Editorial Blame it on flow through

The exact wording might change from time to time, but essentially it boils down to this — “flow-through made me do it.”

That’s right, the very investment incentive that was hailed as having saved the junior exploration industry a short two years ago is now being invoked to explain the myriad of failures that have resulted since then.

Failures may seem like too strong a word, for some of these projects. But there have been an awful lot of projects that have fallen well short of expectations, expectations that were fostered by studies, analyses and “dog-and-pony shows” ad nauseum when companies were trying to raise money. By the very standards set for them by the companies involved these projects haven’t met their objectives and “failure” is the only way to describe them.

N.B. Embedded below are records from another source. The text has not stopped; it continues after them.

theorem lemma4p4p1:
  fixes G :: "('a, 'b) monoid_scheme" and p :: nat
  assumes "group G" and "finite (carrier G)" and "prime p" and "p dvd order G"
  shows "psh_terminal TYPE('x) (orbit_cat_p G p)
           (sieve_psh0 (orbit_cat G) (carrier G) (min_sipp_sieve G p (carrier G)))
           (sieve_psh1 (orbit_cat G))
       \<and> psh_terminal TYPE('x) (orbit_cat_p_circ G p)
           (sieve_psh0 (orbit_cat G) (carrier G) (min_sipp_sieve G p (carrier G)))
           (sieve_psh1 (orbit_cat G))"
  unfolding min_sipp_sieve_carrier[OF assms(1-3)] orbit_cat_p_def orbit_cat_p_circ_def
  by (intro conjI psh_terminal_p_orbit_sieve[OF assms(1)]) auto

end
definition jeffreys_unnorm :: "'x set \<Rightarrow> (real^'n \<Rightarrow> 'x \<Rightarrow> real) \<Rightarrow> real^'n \<Rightarrow> real" where
  "jeffreys_unnorm X P \<theta> = sqrt (det (fisher_info X P \<theta>))"

definition dallal_jeffreys :: "nat \<Rightarrow> nat \<Rightarrow> real \<times> real \<times> real \<Rightarrow> real" where
  "dallal_jeffreys n0 n1 = (\<lambda>(g, u, v).
     jeffreys_unnorm (dallal_outcomes n0 n1) (dallal_pmf_guv n0 n1) (vector [g, u, v]))"

end

theory Submission
  imports Defs
begin

text \<open>The score of the product-trinomial likelihood along a coordinate direction of \<open>(\<gamma>, U, V)\<close>
  is a linear combination of the cell counts whose coefficients are the directional derivatives
  of the log cell probabilities; these coefficients have mean zero under one trial, so each
  Fisher entry is \<open>m\<^sub>+\<^sub>0\<close> resp. \<open>m\<^sub>+\<^sub>1\<close> times a one-trial second moment. In \<open>(\<gamma>, U, V)\<close>
  the Fisher matrix turns out to be diagonal, with entries
  \<open>2 (m\<^sub>+\<^sub>0 u + m\<^sub>+\<^sub>1 v) / (\<gamma> (1 - \<gamma>) (1 + \<gamma>)\<^sup>2)\<close>, \<open>m\<^sub>+\<^sub>0 / (u (1 - u))\<close> and
  \<open>m\<^sub>+\<^sub>1 / (v (1 - v))\<close>, so Jeffreys' density is a product \<open>h(\<gamma>) k(u, v)\<close>.
  The factor \<open>h\<close> integrates to \<open>\<pi> / \<surd>2\<close>, and \<open>k\<close> is dominated by
  \<open>\<surd>(1 + r)\<close> times a product of two arcsine densities, hence integrable. Tonelli's theorem then
  gives properness and, since the density factorizes, independence of \<gamma> and \<open>(U, V)\<close>.\<close>

section \<open>The kernels and their integrals\<close>

definition arcsine_kernel :: "real \<Rightarrow> real" where
  "arcsine_kernel x = x powr (-1/2) * (1 - x) powr (-1/2)"
(* Let $n\ge1$, $K>0$, $\beta>0$ and $\mu>0$. Suppose that \[ \|u\|_2^2 \leq \frac{1}{K^2}\|\nabla u\|_2^2 + \mu \qquad\text{for all } u\in {\rm H}^1(\mathbb{R}^n) \text{ with } \|u\|_2^2=\beta . \] Then for every $u\in {\rm H}^1(\mathbb{R}^n)$ with $\|u\|_2^2=\beta$, \[ \mu \;\geq\; \int_{\{\xi:\,|\xi|\leq K\}} |\widehat{u}(\xi)|^2\, {\rm d}\xi . \]
   Context: $\|\cdot\|_2$ is the ${\rm L}^2(\mathbb{R}^n)$ norm. The Fourier transform is $\widehat v(\xi) = (2\pi)^{-n}\int_{\mathbb{R}^n} e^{-{\rm i}x\cdot\xi} v(x)\,{\rm d}x$. *)

theory Defs
  imports "HOL-Analysis.Analysis"
begin

text \<open>Functions on R^n are modelled as functions on an arbitrary Euclidean space 'a,
  with n = DIM('a) >= 1, equipped with Lebesgue (Borel) measure lborel.\<close>

definition square_integrable :: "('a::euclidean_space \<Rightarrow> complex) \<Rightarrow> bool" where
  "square_integrable f \<longleftrightarrow> f \<in> borel_measurable lborel \<and>
     integrable lborel (\<lambda>x. (cmod (f x))^2)"

definition l2norm_sq :: "('a::euclidean_space \<Rightarrow> complex) \<Rightarrow> real" where
  "l2norm_sq f = (LINT x|lborel. (cmod (f x))^2)"

definition test_fun :: "('a::euclidean_space \<Rightarrow> real) \<Rightarrow> bool" where
  "test_fun \<phi> \<longleftrightarrow> (\<forall>x. \<phi> differentiable (at x)) \<and>
     (\<forall>b\<in>Basis. continuous_on UNIV (\<lambda>x. frechet_derivative \<phi> (at x) b)) \<and>
     bounded {x. \<phi> x \<noteq> 0}"

definition weak_deriv :: "('a::euclidean_space \<Rightarrow> complex) \<Rightarrow> 'a \<Rightarrow> ('a \<Rightarrow> complex) \<Rightarrow> bool" where
  "weak_deriv u b g \<longleftrightarrow> (\<forall>\<phi>. test_fun \<phi> \<longrightarrow>
     (LINT x|lborel. u x * of_real (frechet_derivative \<phi> (at x) b)) =
     - (LINT x|lborel. g x * of_real (\<phi> x)))"

definition H1 :: "('a::euclidean_space \<Rightarrow> complex) \<Rightarrow> bool" where
  "H1 u \<longleftrightarrow> square_integrable u \<and>
     (\<forall>b\<in>Basis. \<exists>g. square_integrable g \<and> weak_deriv u b g)"

definition weak_partial :: "('a::euclidean_space \<Rightarrow> complex) \<Rightarrow> 'a \<Rightarrow> ('a \<Rightarrow> complex)" where
  "weak_partial u b = (SOME g. square_integrable g \<and> weak_deriv u b g)"

text \<open>Squared L^2 norm of the gradient (well defined: weak derivatives are unique a.e.).\<close>
definition grad_norm_sq :: "('a::euclidean_space \<Rightarrow> complex) \<Rightarrow> real" where
  "grad_norm_sq u = (\<Sum>b\<in>Basis. l2norm_sq (weak_partial u b))"

definition fourier_L1 :: "('a::euclidean_space \<Rightarrow> complex) \<Rightarrow> 'a \<Rightarrow> complex" where
  "fourier_L1 v \<xi> = of_real ((2 * pi) powr (- real DIM('a))) *
     (LINT x|lborel. exp (- \<i> * of_real (x \<bullet> \<xi>)) * v x)"

text \<open>v is the (L^2, Plancherel) Fourier transform of the L^2 function u: v is in L^2 and
  satisfies the duality relation with every integrable, square-integrable function,
  which determines v a.e. and extends the integral formula.\<close>
definition is_fourier_L2 :: "('a::euclidean_space \<Rightarrow> complex) \<Rightarrow> ('a \<Rightarrow> complex) \<Rightarrow> bool" where
  "is_fourier_L2 u v \<longleftrightarrow> square_integrable v \<and>
     (\<forall>\<phi>. integrable lborel \<phi> \<and> square_integrable \<phi> \<longrightarrow>
        (LINT \<xi>|lborel. v \<xi> * \<phi> \<xi>) = (LINT x|lborel. u x * fourier_L1 \<phi> x))"

end

theory Submission
  imports Defs "HOL-Probability.Characteristic_Functions"
begin

text \<open>
  The hypothesis already forces \<open>\<beta> \<le> \<mu>\<close>: if \<open>u \<in> H\<^sup>1\<close> has \<open>\<parallel>u\<parallel>\<^sup>2 = \<beta>\<close>, so does its
  \<open>L\<^sup>2\<close>-normalised dilation \<open>c\<^sup>n\<^sup>/\<^sup>2 u(c x)\<close>, whose squared gradient norm is \<open>c\<^sup>2 \<parallel>\<nabla>u\<parallel>\<^sup>2\<close>; let \<open>c \<rightarrow> 0\<close>.
  Identifying the weak gradient of the dilation needs uniqueness of weak derivatives, i.e. the
  fundamental lemma of the calculus of variations, which is proved with \<open>C\<^sup>1\<close> bumps approximating boxes.

  On the other hand \<open>\<integral>\<^sub>S \<bar>v\<bar>\<^sup>2 \<le> (2\<pi>)\<^sup>-\<^sup>n \<parallel>u\<parallel>\<^sup>2\<close> for every set \<open>S\<close> of finite measure: testing the
  duality relation that defines \<open>v\<close> with \<open>w = 1\<^sub>S cnj v\<close> and applying Cauchy-Schwarz reduces this
  to the Plancherel inequality \<open>\<parallel>F w\<parallel>\<^sup>2 \<le> (2\<pi>)\<^sup>-\<^sup>n \<parallel>w\<parallel>\<^sup>2\<close> for integrable \<open>w\<close>. That inequality follows
  by inserting a Gaussian weight \<open>exp (- \<epsilon> \<bar>\<xi>\<bar>\<^sup>2)\<close>, applying Fubini and Schur's test to the resulting
  Gaussian kernel, and letting \<open>\<epsilon> \<rightarrow> 0\<close>.
\<close>

section \<open>Test functions approximating indicators of boxes\<close>

definition pos_sq :: "real \<Rightarrow> real" where
  "pos_sq t = (if t \<le> 0 then 0 else t\<^sup>2)"

lemma has_real_derivative_mult_abs: "((\<lambda>t::real. t * \<bar>t\<bar>) has_real_derivative 2 * \<bar>x\<bar>) (at x)"
proof (cases "x = 0")
  case True
  have "((\<lambda>h::real. \<bar>h\<bar>) \<longlongrightarrow> 0) (at 0)"
    using tendsto_rabs[OF tendsto_ident_at[of 0 UNIV]] by simp
  then have "((\<lambda>h. (h * \<bar>h\<bar> - 0 * \<bar>0\<bar>) / h) \<longlongrightarrow> (0::real)) (at 0)"
    by (rule Lim_transform_eventually) (auto simp: eventually_at_filter)
  then show ?thesis using True by (simp add: has_field_derivative_iff)
next
  case False
  then consider "x > 0" | "x < 0" by linarith
  then show ?thesis
  proof cases
    case 1
    have "((\<lambda>t::real. t * t) has_real_derivative 2 * \<bar>x\<bar>) (at x)"
      using 1 by (auto intro!: derivative_eq_intros)
    then show ?thesis
      by (rule has_field_derivative_transform_within_open[where S="{0<..}"]) (use 1 in auto)
  next
    case 2
    have "((\<lambda>t::real. - (t * t)) has_real_derivative 2 * \<bar>x\<bar>) (at x)"
      using 2 by (auto intro!: derivative_eq_intros)
    then show ?thesis
      by (rule has_field_derivative_transform_within_open[where S="{..<0}"]) (use 2 in auto)
  qed
qed

lemma has_real_derivative_pos_sq: "(pos_sq has_real_derivative 2 * max 0 x) (at x)"
proof -
  have "((\<lambda>t. (t * \<bar>t\<bar> + t * t) / 2) has_real_derivative 2 * max 0 x) (at x)"
    by (rule derivative_eq_intros has_real_derivative_mult_abs refl | simp add: max_def)+
  moreover have "(\<lambda>t. (t * \<bar>t\<bar> + t * t) / 2) = pos_sq"
    by (auto simp: pos_sq_def power2_eq_square fun_eq_iff)
  ultimately show ?thesis by simp
qed

text \<open>A \<open>C\<^sup>1\<close> quadratic spline rising from 0 on \<open>t \<le> 0\<close> to 1 on \<open>t \<ge> 1\<close>.\<close>

definition smooth_step :: "real \<Rightarrow> real" where
  "smooth_step t = 2 * pos_sq t - 4 * pos_sq (t - 1/2) + 2 * pos_sq (t - 1)"

definition smooth_step' :: "real \<Rightarrow> real" where
  "smooth_step' t = 4 * max 0 t - 8 * max 0 (t - 1/2) + 4 * max 0 (t - 1)"

lemma has_real_derivative_smooth_step: "(smooth_step has_real_derivative smooth_step' x) (at x)"
  unfolding smooth_step_def[abs_def] smooth_step'_def
  by (rule derivative_eq_intros has_real_derivative_pos_sq[THEN DERIV_chain2] refl | simp)+

lemma smooth_step_eq_0: "t \<le> 0 \<Longrightarrow> smooth_step t = 0"
  by (simp add: smooth_step_def pos_sq_def)

lemma smooth_step_eq_1: "t \<ge> 1 \<Longrightarrow> smooth_step t = 1"
  by (simp add: smooth_step_def pos_sq_def power2_eq_square algebra_simps)

lemma smooth_step_bounds: "0 \<le> smooth_step t" "smooth_step t \<le> 1"
proof -
  consider "t \<le> 0" | "0 < t" "t \<le> 1/2" | "1/2 < t" "t < 1" | "t \<ge> 1" by linarith
  then have "0 \<le> smooth_step t \<and> smooth_step t \<le> 1"
  proof cases
    case 2
    have "t * t \<le> 1/2 * (1/2)" using 2 by (intro mult_mono) auto
    then show ?thesis using 2 by (simp add: smooth_step_def pos_sq_def power2_eq_square)
  next
    case 3
    have "(1 - t) * (1 - t) \<le> 1/2 * (1/2)" using 3 by (intro mult_mono) auto
    moreover have "smooth_step t = 1 - 2 * ((1 - t) * (1 - t))"
      using 3 by (simp add: smooth_step_def pos_sq_def power2_eq_square algebra_simps)
    ultimately show ?thesis by simp
  qed (simp_all add: smooth_step_eq_0 smooth_step_eq_1)
  then show "0 \<le> smooth_step t" "smooth_step t \<le> 1" by auto
qed

lemma continuous_on_smooth_step [continuous_intros]:
  "continuous_on S g \<Longrightarrow> continuous_on S (\<lambda>x. smooth_step (g x))"
  unfolding smooth_step_def pos_sq_def power2_eq_square
  by (rule continuous_on_compose2[of UNIV _ S g, OF _ _ subset_UNIV])
     (auto intro!: continuous_intros continuous_on_cases_le)

lemma continuous_on_smooth_step' [continuous_intros]:
  "continuous_on S g \<Longrightarrow> continuous_on S (\<lambda>x. smooth_step' (g x))"
  unfolding smooth_step'_def by (intro continuous_intros)

definition bump_factor :: "real \<Rightarrow> 'a::euclidean_space \<Rightarrow> 'a \<Rightarrow> 'a \<Rightarrow> 'a \<Rightarrow> real" where
  "bump_factor k l u i x = smooth_step (k * (x \<bullet> i - l \<bullet> i)) * smooth_step (k * (u \<bullet> i - x \<bullet> i))"

definition bump_factor' :: "real \<Rightarrow> 'a::euclidean_space \<Rightarrow> 'a \<Rightarrow> 'a \<Rightarrow> 'a \<Rightarrow> 'a \<Rightarrow> real" where
  "bump_factor' k l u i x v =
     k * (v \<bullet> i) * smooth_step' (k * (x \<bullet> i - l \<bullet> i)) * smooth_step (k * (u \<bullet> i - x \<bullet> i))
     - k * (v \<bullet> i) * smooth_step (k * (x \<bullet> i - l \<bullet> i)) * smooth_step' (k * (u \<bullet> i - x \<bullet> i))"

definition box_bump :: "real \<Rightarrow> 'a::euclidean_space \<Rightarrow> 'a \<Rightarrow> 'a \<Rightarrow> real" where
  "box_bump k l u x = (\<Prod>i\<in>Basis. bump_factor k l u i x)"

We’ve listed some of the more prominent in the past; it serves no purpose to list them again. Most readers know several projects that fit the description. But even without specific examples, one would have to be totally oblivious to Canada’s mining scene over the past couple of years not to be aware that many projects have fallen by the wayside on the road to profitability.

There have been many success stories, to be sure. But they don’t grab the investor’s imagination the way a “disaster” story does. Besides, the success stories — which, by the way, far outnumber the failures during the 1980s — is another story.

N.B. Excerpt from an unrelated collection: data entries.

subsection \<open>Normal forms\<close>

definition act_word :: "('v \<times> 'a) list \<Rightarrow> ('v \<times> 'a) list \<Rightarrow> ('v \<times> 'a) list" where
  "act_word = foldl act"

lemma act_word_Nil [simp]: "act_word r [] = r"
  by (simp add: act_word_def)

lemma act_word_Cons [simp]: "act_word r (x # w) = act_word (act r x) w"
  by (simp add: act_word_def)

lemma act_word_append: "act_word r (a @ b) = act_word (act_word r a) b"
  by (simp add: act_word_def)

lemma act_word_reduced: "reduced r \<Longrightarrow> w \<in> W \<Longrightarrow> reduced (act_word r w)"
proof (induction w arbitrary: r)
  case (Cons x w)
  then show ?case using act_reduced[of r "fst x" "snd x"] by simp
qed simp

lemma act_word_trace_eq: "reduced r \<Longrightarrow> r \<simeq> r' \<Longrightarrow> w \<in> W \<Longrightarrow> act_word r w \<simeq> act_word r' w"
proof (induction w arbitrary: r r')
  case (Cons x w)
  then show ?case
    using act_trace_eq[of r r' "fst x" "snd x"] act_reduced[of r "fst x" "snd x"] by simp
qed simp

lemma act_word_gp_rel: "w \<approx> w' \<Longrightarrow> reduced r \<Longrightarrow> act_word r w \<simeq> act_word r w'"
proof (induction arbitrary: r rule: gp_rel.induct)
  case (gp_one v)
  then show ?case using act_one by simp
next
  case (gp_mult v a b)
  then show ?case using act_mult by simp
next
  case (gp_comm u v a b)
  then show ?case using act_comm by simp
next
  case (gp_sym w w')
  then show ?case using trace_eq_sym by blast
next
  case (gp_trans w w' w'')
  then show ?case using trace_eq_trans by blast
next
  case (gp_ctxt w w' xs ys)
  let ?r = "act_word r xs"
  have r: "reduced ?r" using act_word_reduced gp_ctxt by blast
  then have "act_word ?r w \<simeq> act_word ?r w'" by (rule gp_ctxt.IH)
  moreover have "reduced (act_word ?r w)"
    using act_word_reduced[OF r] gp_rel_words[OF gp_ctxt.hyps(1)] by blast
  ultimately have "act_word (act_word ?r w) ys \<simeq> act_word (act_word ?r w') ys"
    using act_word_trace_eq gp_ctxt.hyps(3) by blast
  then show ?case by (simp add: act_word_append)
qed simp

lemma act_word_reduced_self:
  assumes "reduced w"
  shows "act_word [] w \<simeq> w"
  using assms
proof (induction w rule: rev_induct)
  case (snoc x w)
  obtain u a where x: "x = (u, a)" by (cases x)
  have w: "reduced w" using reduced_appendD snoc.prems by blast
  have ua: "u \<in> V" "a \<in> carrier (C u)" "a \<noteq> \<one>\<^bsub>C u\<^esub>"
    using snoc.prems x unfolding reduced_def by auto
  have nt: "\<not> can_end_in u w" using not_can_end_in_snoc snoc.prems x by simp
  have "act (act_word [] w) (u, a) \<simeq> act w (u, a)"
    using act_trace_eq[OF act_word_reduced[OF reduced_Nil reduced_words[OF w]] snoc.IH[OF w] ua(1,2)] .
  also have "act w (u, a) \<simeq> w @ letter u (\<one>\<^bsub>C u\<^esub> \<otimes>\<^bsub>C u\<^esub> a)"
    using act_split[of w w u, OF _ nt monoid.one_closed[OF monoid_C] ua(2) ua(1)] ua(1) by simp
  finally show ?case
    using x ua monoid.l_one[OF monoid_C] by (simp add: act_word_append letter_neq_one)
qed simp

lemma gp_rel_letter_mult:
  assumes u: "u \<in> V" and c: "c \<in> carrier (C u)" and a: "a \<in> carrier (C u)"
  shows "letter u c @ [(u, a)] \<approx> letter u (c \<otimes>\<^bsub>C u\<^esub> a)"
proof -
  have "letter u c @ [(u, a)] \<approx> [(u, c)] @ [(u, a)]"
    using gp_rel_append_right[OF gp_rel.gp_sym[OF gp_rel_letter[OF u c]]] u a by simp
  also have "[(u, c)] @ [(u, a)] \<approx> [(u, c \<otimes>\<^bsub>C u\<^esub> a)]"
    using gp_rel.gp_mult[where E = E and C = C, OF u c a] by simp
  also have "[(u, c \<otimes>\<^bsub>C u\<^esub> a)] \<approx> letter u (c \<otimes>\<^bsub>C u\<^esub> a)"
    using gp_rel_letter[OF u monoid.m_closed[OF monoid_C[OF u] c a]] .
  finally show ?thesis .
qed

lemma gp_rel_act:
  assumes r: "reduced r" and u: "u \<in> V" and a: "a \<in> carrier (C u)"
  shows "r @ [(u, a)] \<approx> act r (u, a)"
proof -
  obtain p c where pc: "r \<simeq> p @ letter u c" "\<not> can_end_in u p" "c \<in> carrier (C u)"
    using reduced_split_last[OF r u] .
  have pc_red: "reduced (p @ letter u c)" using reduced_trace_eq[OF r pc(1)] .
  have pca: "p @ letter u (c \<otimes>\<^bsub>C u\<^esub> a) \<in> W"
    using reduced_words[OF reduced_append_letter[OF reduced_appendD[OF pc_red] u _ pc(2)]]
      monoid.m_closed[OF monoid_C[OF u] pc(3) a] by blast
  have "r \<approx> p @ letter u c"
    using trace_eq_imp_gp_rel[OF pc(1) reduced_words[OF r] reduced_words[OF pc_red]] .
  then have "r @ [(u, a)] \<approx> (p @ letter u c) @ [(u, a)]"
    by (rule gp_rel_append_right) (simp add: u a)
  also have "(p @ letter u c) @ [(u, a)] \<approx> p @ letter u (c \<otimes>\<^bsub>C u\<^esub> a)"
    using gp_rel_append_left[OF gp_rel_letter_mult[OF u pc(3) a]] reduced_words[OF pc_red] by simp
  also have "p @ letter u (c \<otimes>\<^bsub>C u\<^esub> a) \<approx> act r (u, a)"
    using trace_eq_imp_gp_rel[OF trace_eq_sym[OF act_split[OF pc a u]] pca]
      reduced_words[OF act_reduced[OF r u a]] by blast
  finally show ?thesis .
qed

lemma gp_rel_act_word: "reduced r \<Longrightarrow> w \<in> W \<Longrightarrow> r @ w \<approx> act_word r w"
proof (induction w arbitrary: r)
  case Nil
  then show ?case using gp_rel.gp_refl[OF reduced_words] by simp
next
  case (Cons x w)
  obtain u a where x: "x = (u, a)" by (cases x)
  have ua: "u \<in> V" "a \<in> carrier (C u)" "w \<in> W" using Cons.prems x by auto
  have "r @ x # w \<approx> act r (u, a) @ w"
    using gp_rel_append_right[OF gp_rel_act[OF Cons.prems(1) ua(1,2)] ua(3)] x by simp
  also have "act r (u, a) @ w \<approx> act_word (act r (u, a)) w"
    using Cons.IH act_reduced Cons.prems ua by blast
  finally show ?case using x by simp
qed

theorem reduced_gp_rel_imp_trace_eq:
  assumes "reduced w" "reduced w'" "w \<approx> w'"
  shows "w \<simeq> w'"
  using act_word_gp_rel[OF assms(3) reduced_Nil] act_word_reduced_self[OF assms(1)]
    act_word_reduced_self[OF assms(2)] trace_eq_sym trace_eq_trans by metis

When a project turns sour there is bound to be a lot of finger pointing. Now, however, there’s a ready-made excuse. Flow-through funds were so plentiful companies felt compelled to make the most of them. And because there was a time limit on when the money could be spent, many were hard pressed to spend the money on work that was truly warranted. They had promised their investors that the money would be spent, so spend it they must.

Then, after the investors took possession of their “cheap” flow-through shares, the companies were under more pressure to come up with favorable results so that the stock wouldn’t be immediately dumped on the market thereby depressing the stock price.

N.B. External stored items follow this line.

lemma carrier_subset_if_monoms:
  assumes S: "lsubspace L S" and monoms: "\<And>k. k < m \<Longrightarrow> \<phi> (monom 1 k) \<in> S"
  shows "lcarrier L \<subseteq> S"
proof -
  have "\<phi> h \<in> S" if "h \<in> tcarrier m" for h
  proof -
    have "degree h \<le> m - 1"
      using that by (simp add: tcarrier_def)
    then have "h = (\<Sum>i\<le>m - 1. monom (coeff h i) i)"
      by (simp add: poly_as_sum_of_monoms')
    moreover have "{..m - 1} \<subseteq> {..<m}"
      using m_pos by auto
    ultimately show ?thesis
      using image_sum_monom_mem[OF S monoms] by metis
  qed
  then show ?thesis
    by (auto simp: carrier_eq)
qed

lemma bracket_image_mem_lideal:
  assumes I: "lideal L I" and g: "g \<in> tcarrier m" and h: "h \<in> tcarrier m" "\<phi> h \<in> I"
  shows "\<phi> (vf_bracket m g h) \<in> I"
  using I h image_in_carrier[OF g] bracket_eq[OF g h(1)] unfolding lideal_def by metis

lemma lideal_image:
  fixes J :: "'k poly set"
  assumes sub: "J \<subseteq> tcarrier m" and zero: "0 \<in> J"
    and add: "\<And>g h. g \<in> J \<Longrightarrow> h \<in> J \<Longrightarrow> g + h \<in> J"
    and smult: "\<And>c h. h \<in> J \<Longrightarrow> smult c h \<in> J"
    and bracket: "\<And>g h. g \<in> tcarrier m \<Longrightarrow> h \<in> J \<Longrightarrow> vf_bracket m g h \<in> J"
  shows "lideal L (\<phi> ` J)"
  unfolding lideal_def lsubspace_def
proof (intro conjI ballI allI)
  show "\<phi> ` J \<subseteq> lcarrier L" "lzero L \<in> \<phi> ` J"
    using sub zero by (auto simp: carrier_eq zero_eq)
next
  fix x y assume "x \<in> \<phi> ` J" "y \<in> \<phi> ` J"
  then show "ladd L x y \<in> \<phi> ` J"
    using sub add by (auto simp: add_eq subset_iff)
next
  fix c x assume "x \<in> \<phi> ` J"
  then show "lsmult L c x \<in> \<phi> ` J"
    using sub smult by (auto simp: smult_eq subset_iff)
next
  fix x y assume "x \<in> lcarrier L" "y \<in> \<phi> ` J"
  then show "lbr L x y \<in> \<phi> ` J"
    using sub bracket by (auto simp: carrier_eq bracket_eq subset_iff)
qed

lemma not_lsemisimple_if_abelian_vf_ideal:
  fixes J :: "'k poly set"
  assumes sub: "J \<subseteq> tcarrier m" and zero: "0 \<in> J"
    and add: "\<And>g h. g \<in> J \<Longrightarrow> h \<in> J \<Longrightarrow> g + h \<in> J"
    and smult: "\<And>c h. h \<in> J \<Longrightarrow> smult c h \<in> J"
    and bracket: "\<And>g h. g \<in> tcarrier m \<Longrightarrow> h \<in> J \<Longrightarrow> vf_bracket m g h \<in> J"
    and abelian: "\<And>g h. g \<in> J \<Longrightarrow> h \<in> J \<Longrightarrow> vf_bracket m g h = 0"
    and nonzero: "h \<in> J" "h \<noteq> 0"
  shows "\<not> lsemisimple L"
proof (rule not_lsemisimple_if_abelian_ideal[OF lsubspace_zero])
  show "lideal L (\<phi> ` J)"
    by (rule lideal_image[OF sub zero add smult bracket])
  show "lbr L x y = lzero L" if "x \<in> \<phi> ` J" "y \<in> \<phi> ` J" for x y
    using that sub abelian by (auto simp: bracket_eq zero_eq subset_iff)
  show "\<phi> h \<in> \<phi> ` J" "\<phi> h \<noteq> lzero L"
    using nonzero sub image_eq_zero_iff by auto
qed


lemma lie_iso_zero:
  assumes M: "vf_model n M \<psi>" and iso: "lie_iso L M f"
  shows "f (lzero L) = lzero M"
proof -
  have "f (lzero L) \<in> lcarrier M"
    using iso zero_in_carrier unfolding lie_iso_def bij_betw_def by blast
  then obtain h where h: "h \<in> tcarrier n" "f (lzero L) = \<psi> h"
    using vf_model.carrier_eq[OF M] by blast
  have "ladd L (lzero L) (lzero L) = lzero L"
    by (simp add: zero_eq add_eq zero_in_tcarrier[OF m_pos])
  then have "f (lzero L) = ladd M (f (lzero L)) (f (lzero L))"
    using iso zero_in_carrier unfolding lie_iso_def by metis
  then have "\<psi> h = \<psi> (h + h)"
    using h vf_model.add_eq[OF M h(1) h(1)] by simp
  then have "h = h + h"
    using vf_model.image_eq_iff[OF M h(1) add_in_tcarrier[OF h(1) h(1)]] by blast
  then have "h = 0"
    by (metis add_cancel_left_right)
  then show ?thesis
    using h vf_model.zero_eq[OF M] by simp
qed

lemma lie_isomorphic:
  assumes M: "vf_model m M \<psi>"
  shows "lie_isomorphic L M"
proof -
  let ?f = "\<lambda>x. \<psi> (inv_into (tcarrier m) \<phi> x)"
  have f_image: "?f (\<phi> h) = \<psi> h" if "h \<in> tcarrier m" for h
    using inv_into_f_f[OF inj that] by simp
  have "bij_betw ?f (lcarrier L) (lcarrier M)"
    unfolding carrier_eq vf_model.carrier_eq[OF M]
    by (rule bij_betw_imageI)
      (auto simp: inj_on_def f_image image_eq_iff vf_model.image_eq_iff[OF M] image_iff)
  then have "lie_iso L M ?f"
    by (auto simp: lie_iso_def carrier_eq f_image add_eq smult_eq bracket_eq
        vf_model.add_eq[OF M] vf_model.smult_eq[OF M] vf_model.bracket_eq[OF M]
        add_in_tcarrier smult_in_tcarrier vf_bracket_in_tcarrier[OF m_pos])
  then show ?thesis
    unfolding lie_isomorphic_def by blast
qed

end

section \<open>Simplicity of the Witt algebra\<close>

locale witt_model = vf_model m L \<phi>
  for m :: nat and L :: "('k::field, 'a) lie_alg" and \<phi> :: "'k poly \<Rightarrow> 'a" +
  assumes char_eq: "CHAR('k) = m" and two_less: "2 < m"
begin

lemma of_nat_neq_0: "0 < n \<Longrightarrow> n < m \<Longrightarrow> (of_nat n :: 'k) \<noteq> 0"
  using char_eq by (auto simp: of_nat_eq_0_iff_char_dvd dest: dvd_imp_le)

With the stock market crash of 1987 and a declining gold price during 1988, those pressures intensified. The consultants who were called on to evaluate the property and perhaps recommend a production decision might well be the same consultant called upon for further work should the project proceed — clearly a potential conflict of interest.

In fact, in the flow-through heyday it was not inconceivable that a mining engineer or geologist could establish an exploration company, then have that company raise flow-through funds to hire himself as a consultant. It was a type of make-work project. The value of the project was secondary, but it had to be kept going to each subsequent stage in order to keep the money coming in.

Many of those projects couldn’t live up to expectations because expectations were inflated to begin with.

Flow-through financing had its place, and an important place it was. During the dark days of the early- and mid-1980s, it did keep the exploration industry alive. And it served its purpose well.

But flow-through proved to be almost too good. It raised the level of “normal” activity to such a frenzied pace that anything less seemed like the doldrums. One fund manager uses the term “flow-through junkies.” What started out as a shot in the arm for the industry became a habit that is proving very difficult to break.

Now, it seems, we must go through a painful period of withdrawal while investors reassess the risk-reward ratio of junior mining stocks.

Flow-through shares may have clouded that decision-making process. For a while investors pumped up the market because of the tax benefits available from the flow-through mechanism. That raised expectations unreasonably high. Then, when the market crashed, the inevitable stock dilution kicked in and investors’ returns were knocked down unreasonably low.

The true value of exploration mining stocks is somewhere in between. It may take a while yet before investors rediscover the true value of mining shares, but eventually we have to return to reality.